## [Items from a dataset]
lemma in_transit_extra_ball_after:
  assumes full: "\<forall>m<q. in_transit F c p m \<ge> F (p + int m)"
    and not_full: "in_transit F c p q < F (p + int q)"
    and "c \<ge> 0" and "\<forall>j. F j \<ge> 0" and "q < n"
  shows "in_transit F (c + 1) p n = 0 \<and> in_transit F c p n = 0"
  using \<open>q < n\<close>
proof (induction n)
  case (Suc n)
  show ?case
  proof (cases "n = q")
    case True
    have "in_transit F (c + 1) p q = in_transit F c p q + 1"
      using in_transit_extra_ball_before[OF full] by simp
    moreover have "in_transit F c p q \<ge> 0" using in_transit_nonneg \<open>c \<ge> 0\<close> by blast
    ultimately show ?thesis using True not_full by (simp add: min_def)
  next
    case False
    with Suc show ?thesis using \<open>\<forall>j. F j \<ge> 0\<close> by simp
  qed
qed simp

lemma in_transit_absorbed:
  assumes "c \<ge> 0" and "\<forall>j\<ge>H. F j \<ge> 1"
  shows "\<exists>q. in_transit F c p q < F (p + int q)"
proof (rule ccontr)
  assume "\<not> ?thesis"
  hence full: "\<forall>q. in_transit F c p q \<ge> F (p + int q)" by (auto simp: not_less)
  define M where "M = nat (H - p)"
  have decreasing: "in_transit F c p (M + n) \<le> in_transit F c p M - int n" for n
  proof (induction n)
    case (Suc n)
    have "F (p + int (M + n)) \<ge> 1" using assms(2) M_def by auto
    with full[rule_format, of "M + n"] Suc show ?case by (simp add: min_def)
  qed simp
  define g where "g = in_transit F c p M"
  have "in_transit F c p (M + (nat g + 1)) \<ge> 0" using in_transit_nonneg[OF assms(1)] by blast
  moreover have "g \<ge> 0" using in_transit_nonneg[OF assms(1)] g_def by blast
  ultimately show False using decreasing[of "nat g + 1"] g_def by linarith
qed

## [Exercise goal]
Reproduce every record above exactly.

## [Expected answer]
lemma in_transit_extra_ball_after:
  assumes full: "\<forall>m<q. in_transit F c p m \<ge> F (p + int m)"
    and not_full: "in_transit F c p q < F (p + int q)"
    and "c \<ge> 0" and "\<forall>j. F j \<ge> 0" and "q < n"
  shows "in_transit F (c + 1) p n = 0 \<and> in_transit F c p n = 0"
  using \<open>q < n\<close>
proof (induction n)
  case (Suc n)
  show ?case
  proof (cases "n = q")
    case True
    have "in_transit F (c + 1) p q = in_transit F c p q + 1"
      using in_transit_extra_ball_before[OF full] by simp
    moreover have "in_transit F c p q \<ge> 0" using in_transit_nonneg \<open>c \<ge> 0\<close> by blast
    ultimately show ?thesis using True not_full by (simp add: min_def)
  next
    case False
    with Suc show ?thesis using \<open>\<forall>j. F j \<ge> 0\<close> by simp
  qed
qed simp

lemma in_transit_absorbed:
  assumes "c \<ge> 0" and "\<forall>j\<ge>H. F j \<ge> 1"
  shows "\<exists>q. in_transit F c p q < F (p + int q)"
proof (rule ccontr)
  assume "\<not> ?thesis"
  hence full: "\<forall>q. in_transit F c p q \<ge> F (p + int q)" by (auto simp: not_less)
  define M where "M = nat (H - p)"
  have decreasing: "in_transit F c p (M + n) \<le> in_transit F c p M - int n" for n
  proof (induction n)
    case (Suc n)
    have "F (p + int (M + n)) \<ge> 1" using assms(2) M_def by auto
    with full[rule_format, of "M + n"] Suc show ?case by (simp add: min_def)
  qed simp
  define g where "g = in_transit F c p M"
  have "in_transit F c p (M + (nat g + 1)) \<ge> 0" using in_transit_nonneg[OF assms(1)] by blast
  moreover have "g \<ge> 0" using in_transit_nonneg[OF assms(1)] g_def by blast
  ultimately show False using decreasing[of "nat g + 1"] g_def by linarith
qed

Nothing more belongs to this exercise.